======== GIVEN RECORDS

lemma sorted_lists_in_Suc_Suc:
  "sorted_lists_in (Suc k) (Suc m) n =
     Cons 1 ` (if 1 \<le> n then sorted_lists_in k (Suc m) (n - 1) else {})
     \<union> map Suc ` (if Suc k \<le> n then sorted_lists_in (Suc k) m (n - Suc k) else {})"
proof (intro equalityI subsetI)
  fix xs assume xs: "xs \<in> sorted_lists_in (Suc k) (Suc m) n"
  then obtain x ys where xys: "xs = x # ys"
    by (cases xs) (auto simp: sorted_lists_in_def sorted_lists_def)
  show "xs \<in> Cons 1 ` (if 1 \<le> n then sorted_lists_in k (Suc m) (n - 1) else {})
     \<union> map Suc ` (if Suc k \<le> n then sorted_lists_in (Suc k) m (n - Suc k) else {})"
  proof (cases "x = 1")
    case True
    with xs xys show ?thesis by (auto simp: sorted_lists_in_def sorted_lists_def)
  next
    case False
    with xs xys have ge2: "\<forall>y\<in>set xs. 2 \<le> y"
      by (fastforce simp: sorted_lists_in_def sorted_lists_def)
    then have "0 \<notin> set xs" by auto
    moreover have "set (map (\<lambda>x. x - 1) xs) \<subseteq> {1..m}"
      using xs ge2 by (fastforce simp: sorted_lists_in_def)
    ultimately show ?thesis
      using map_pred_mem_sorted_lists[of xs "Suc k" n] xs
      by (simp add: mem_image_map_Suc sorted_lists_in_def)
  qed
next
  fix xs assume "xs \<in> Cons 1 ` (if 1 \<le> n then sorted_lists_in k (Suc m) (n - 1) else {})
     \<union> map Suc ` (if Suc k \<le> n then sorted_lists_in (Suc k) m (n - Suc k) else {})"
  then show "xs \<in> sorted_lists_in (Suc k) (Suc m) n"
    using map_Suc_mem_sorted_lists[of _ "Suc k" "n - Suc k"]
    by (fastforce simp: sorted_lists_in_def sorted_lists_def split: if_splits)
qed
(* Let $M$ be a finitary matroid on $E$, $B$ a base of $M$, and $H\subseteq E\setminus B$ such that $\kappa:=|H|$ is an uncountable regular cardinal. Suppose there is $B'\subseteq B$ with $|B'|<\kappa$ such that $C_M(e,B)\cap B'\neq\emptyset$ for every $e\in H$. Then there exist $e^*\in H$ and a $\Delta$-system $\mathcal{D}$ of $\kappa$ many circuits of $M$ with kernel $K$ such that $\bigcup\mathcal{D}\subseteq\bigcup_{e\in H}C_M(e,B)$ and $e^*\in K\subseteq C_M(e^*,B)\setminus B'$.
   Context: $C_M(e,B)$ is the fundamental circuit of $e\notin B$ on the base $B$ (the unique circuit in $B\cup\{e\}$). A $\Delta$-system is a family of (at least two) sets any two of which have the same intersection $K$, called its kernel; the sets $C\setminus K$ for members $C$ are its petals. *)

theory Defs
  imports "HOL-Library.Countable_Set"
begin

definition finitary_matroid :: "'a set \<Rightarrow> ('a set \<Rightarrow> bool) \<Rightarrow> bool" where
  "finitary_matroid E indep \<longleftrightarrow>
     (\<forall>I. indep I \<longrightarrow> I \<subseteq> E) \<and>
     indep {} \<and>
     (\<forall>I J. indep J \<and> I \<subseteq> J \<longrightarrow> indep I) \<and>
     (\<forall>I J. finite I \<and> finite J \<and> indep I \<and> indep J \<and> card I < card J
        \<longrightarrow> (\<exists>x\<in>J - I. indep (insert x I))) \<and>
     (\<forall>I. I \<subseteq> E \<and> (\<forall>F. F \<subseteq> I \<and> finite F \<longrightarrow> indep F) \<longrightarrow> indep I)"

definition is_base :: "('a set \<Rightarrow> bool) \<Rightarrow> 'a set \<Rightarrow> bool" where
  "is_base indep B \<longleftrightarrow> indep B \<and> (\<forall>I. indep I \<and> B \<subseteq> I \<longrightarrow> I = B)"

definition is_circuit :: "'a set \<Rightarrow> ('a set \<Rightarrow> bool) \<Rightarrow> 'a set \<Rightarrow> bool" where
  "is_circuit E indep C \<longleftrightarrow> C \<subseteq> E \<and> \<not> indep C \<and> (\<forall>D. D \<subset> C \<longrightarrow> indep D)"

definition fund_circuit :: "'a set \<Rightarrow> ('a set \<Rightarrow> bool) \<Rightarrow> 'a \<Rightarrow> 'a set \<Rightarrow> 'a set" where
  "fund_circuit E indep e B = (THE C. is_circuit E indep C \<and> C \<subseteq> insert e B)"

definition delta_system :: "'a set set \<Rightarrow> 'a set \<Rightarrow> bool" where
  "delta_system D K \<longleftrightarrow> (\<exists>C1\<in>D. \<exists>C2\<in>D. C1 \<noteq> C2) \<and>
     (\<forall>C1\<in>D. \<forall>C2\<in>D. C1 \<noteq> C2 \<longrightarrow> C1 \<inter> C2 = K)"

end

theory Submission
  imports Defs "HOL-Library.Countable_Set_Type" "HOL-Library.Disjoint_Sets"
begin
lemma approximation_by_spanning_family:
  assumes f: "square_integrable \<nu> f" and "\<epsilon> > 0"
    and span: "\<And>P. dual_trig_poly P \<Longrightarrow> \<exists>T c. finite T \<and> (\<forall>x\<in>Qhat. P x = (\<Sum>\<tau>\<in>T. c \<tau> * k \<tau> x))"
  shows "\<exists>T c. finite T \<and> integrable \<nu> (\<lambda>x. (cmod (f x - (\<Sum>\<tau>\<in>T. c \<tau> * k \<tau> x)))\<^sup>2) \<and>
           (\<integral>x. (cmod (f x - (\<Sum>\<tau>\<in>T. c \<tau> * k \<tau> x)))\<^sup>2 \<partial>\<nu>) < \<epsilon>"
proof -
  obtain P where P: "P \<in> Collect dual_trig_poly" "(\<integral>x. (cmod (f x - P x))\<^sup>2 \<partial>\<nu>) < \<epsilon>"
    using approximableE[OF square_integrable_imp_approximable[OF f] \<open>\<epsilon> > 0\<close>] .
  obtain T c where T: "finite T" "\<forall>x\<in>Qhat. P x = (\<Sum>\<tau>\<in>T. c \<tau> * k \<tau> x)"
    using span[of P] P(1) by auto
  define K where "K x = (\<Sum>\<tau>\<in>T. c \<tau> * k \<tau> x)" for x
  have same: "\<And>x. x \<in> space \<nu> \<Longrightarrow> (cmod (f x - K x))\<^sup>2 = (cmod (f x - P x))\<^sup>2"
    using T(2) space_eq by (simp add: K_def)
  have "integrable \<nu> (\<lambda>x. (cmod (f x - P x))\<^sup>2)"
    using square_integrable_diff[OF f square_integrable_dual_trig_poly] P(1)
    unfolding square_integrable_def by simp
  moreover have "integrable \<nu> (\<lambda>x. (cmod (f x - K x))\<^sup>2) \<longleftrightarrow> integrable \<nu> (\<lambda>x. (cmod (f x - P x))\<^sup>2)"
    by (rule Bochner_Integration.integrable_cong) (simp_all add: same)
  moreover have "(\<integral>x. (cmod (f x - K x))\<^sup>2 \<partial>\<nu>) = (\<integral>x. (cmod (f x - P x))\<^sup>2 \<partial>\<nu>)"
    by (rule Bochner_Integration.integral_cong) (simp_all add: same)
  ultimately have "finite T \<and> integrable \<nu> (\<lambda>x. (cmod (f x - K x))\<^sup>2) \<and>
      (\<integral>x. (cmod (f x - K x))\<^sup>2 \<partial>\<nu>) < \<epsilon>"
    using T(1) P(2) by simp
  then show ?thesis unfolding K_def by (intro exI[of _ T] exI[of _ c])
qed

end

section \<open>Canonical extensions of characters\<close>

definition dual_functional :: "('v::real_vector \<Rightarrow> real) set \<Rightarrow> (('v \<Rightarrow> real) \<Rightarrow> real) \<Rightarrow> bool" where
  "dual_functional A x \<longleftrightarrow>
     (\<forall>l\<in>A. linear l) \<and>
     (\<forall>l\<in>A. \<forall>l'\<in>A. (\<lambda>\<phi>. l \<phi> + l' \<phi>) \<in> A \<and> x (\<lambda>\<phi>. l \<phi> + l' \<phi>) = x l + x l') \<and>
     (\<forall>l\<in>A. \<forall>c. (\<lambda>\<phi>. c * l \<phi>) \<in> A \<and> x (\<lambda>\<phi>. c * l \<phi>) = c * x l)"
(* Let $\Bbbk$ be a field, $R=\Bbbk[x_1,\dots,x_m]$ with the standard $\mathbb Z^m$-grading, $M$ a finitely generated torsion-free $\mathbb Z^m$-graded $R$-module, and $\mathcal F_\bullet$ a minimal $\mathbb Z^m$-graded free resolution of $M$ with differentials $f_n$ (and $f_0\colon F_0\to M$ the augmentation). Let $B$ be a homogeneous basis of $\mathcal F_\bullet$ with minimal support. If $n\ge1$ and $y\in F_n$ is a homogeneous element with $\operatorname{supp}f_n(y)=\operatorname{supp}f_n(b)$ for some $b\in B_n$, then there is a nonzero homogeneous $a\in R$ with $a f_n(b)=f_n(y)$. In particular, any two distinct elements of $B_n$ ($n\ge1$) have non-comparable (with respect to inclusion) boundary supports.
   Context: For a complex of free modules $\mathcal F_\bullet$ with differentials $f_n$, $f_0\colon F_0\to H_0(\mathcal F_\bullet)$ the canonical projection, and bases $B_n$ of $F_n$, $B=\coprod B_n$: the support of $y=\sum_{c\in B_n}a_cc$ is $\{c\in B_n:a_c\ne0\}$; $y$ is a cycle with minimal support if $y\in\operatorname{Ker}f_n$ and $\operatorname{supp}y$ does not properly contain the support of any nonzero element of $\operatorname{Ker}f_n$; the boundary support of $y\in F_n$ ($n\ge1$) is $\operatorname{supp}f_n(y)$; $B$ is a basis with minimal support if $f_n(b)$ is a cycle with minimal support for all $n\ge1$, $b\in B_n$. A $\mathbb Z^m$-graded free resolution is minimal if its differentials are homogeneous of degree $0$ and $f_n(F_n)\subseteq(x_1,\dots,x_m)F_{n-1}$ for $n\ge1$. *)

theory Defs
  imports "HOL-Library.Poly_Mapping"
begin

text \<open>The polynomial ring R = k[x_v : v in 'v] (with 'v a finite type, m = CARD('v)):
  polynomials are finitely supported maps from monomials (exponent vectors) to coefficients.\<close>
type_synonym ('v, 'k) mpoly = "('v \<Rightarrow>\<^sub>0 nat) \<Rightarrow>\<^sub>0 'k"

definition Var :: "'v \<Rightarrow> ('v, 'k::comm_ring_1) mpoly" where
  "Var i = Poly_Mapping.single (Poly_Mapping.single i 1) 1"

definition var_ideal :: "('v::finite, 'k::comm_ring_1) mpoly set" where
  "var_ideal = {p. \<exists>q. p = (\<Sum>i\<in>UNIV. q i * Var i)}"

definition mon_deg :: "('v \<Rightarrow>\<^sub>0 nat) \<Rightarrow> ('v \<Rightarrow> int)" where
  "mon_deg \<mu> = (\<lambda>i. int (Poly_Mapping.lookup \<mu> i))"

definition homog_poly :: "('v, 'k::zero) mpoly \<Rightarrow> bool" where
  "homog_poly p \<longleftrightarrow> (\<exists>\<alpha>. \<forall>\<mu>\<in>Poly_Mapping.keys p. mon_deg \<mu> = \<alpha>)"
lemma generating_defaults_least:
  "H \<subseteq> D \<Longrightarrow> closed_under_defaults W D E H \<Longrightarrow> generating_defaults W D E \<subseteq> H"
  unfolding generating_defaults_def by blast

lemma closed_generating_defaults: "closed_under_defaults W D E (generating_defaults W D E)"
  unfolding closed_under_defaults_def
proof (intro ballI impI)
  fix d assume d: "d \<in> D"
    and app: "Neg (fst (snd d)) \<notin> E \<and> fst d \<in> Cn B ar sem (concl_base W (generating_defaults W D E))"
  show "d \<in> generating_defaults W D E" unfolding generating_defaults_def
  proof (rule InterI)
    fix H assume H: "H \<in> {H. H \<subseteq> D \<and> closed_under_defaults W D E H}"
    then have "generating_defaults W D E \<subseteq> H" using generating_defaults_least by blast
    then have "concl_base W (generating_defaults W D E) \<subseteq> concl_base W H"
      by (auto simp: concl_base_def)
    then show "d \<in> H" using H app d Cn_mono unfolding closed_under_defaults_def by blast
  qed
qed

lemma Gamma_least:
  "W \<subseteq> S \<Longrightarrow> Cn B ar sem S \<subseteq> S \<Longrightarrow> (\<forall>(\<alpha>,\<beta>,\<gamma>)\<in>D. \<alpha> \<in> S \<and> Neg \<beta> \<notin> E \<longrightarrow> \<gamma> \<in> S)
    \<Longrightarrow> Gamma B ar sem W D E \<subseteq> S"
  unfolding Gamma_def by blast

lemma W_subset_Gamma: "W \<subseteq> Gamma B ar sem W D E"
  unfolding Gamma_def by blast

lemma Cn_Gamma_subset: "Cn B ar sem (Gamma B ar sem W D E) \<subseteq> Gamma B ar sem W D E"
proof -
  have "Cn B ar sem (Gamma B ar sem W D E) \<subseteq> S"
    if "S \<in> {S. W \<subseteq> S \<and> Cn B ar sem S \<subseteq> S \<and> (\<forall>(\<alpha>,\<beta>,\<gamma>)\<in>D. \<alpha> \<in> S \<and> Neg \<beta> \<notin> E \<longrightarrow> \<gamma> \<in> S)}"
    for S
    using that Cn_mono[of "Gamma B ar sem W D E" S] unfolding Gamma_def by blast
  then show ?thesis unfolding Gamma_def by blast
qed

lemma Gamma_closed_under_default:
  "(\<alpha>,\<beta>,\<gamma>) \<in> D \<Longrightarrow> \<alpha> \<in> Gamma B ar sem W D E \<Longrightarrow> Neg \<beta> \<notin> E \<Longrightarrow> \<gamma> \<in> Gamma B ar sem W D E"
  unfolding Gamma_def by blast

================

WHAT THIS TASK INVOLVES:
State only the count of lines above that hold the string "beta".

SOLUTION FOR THIS EXERCISE:
3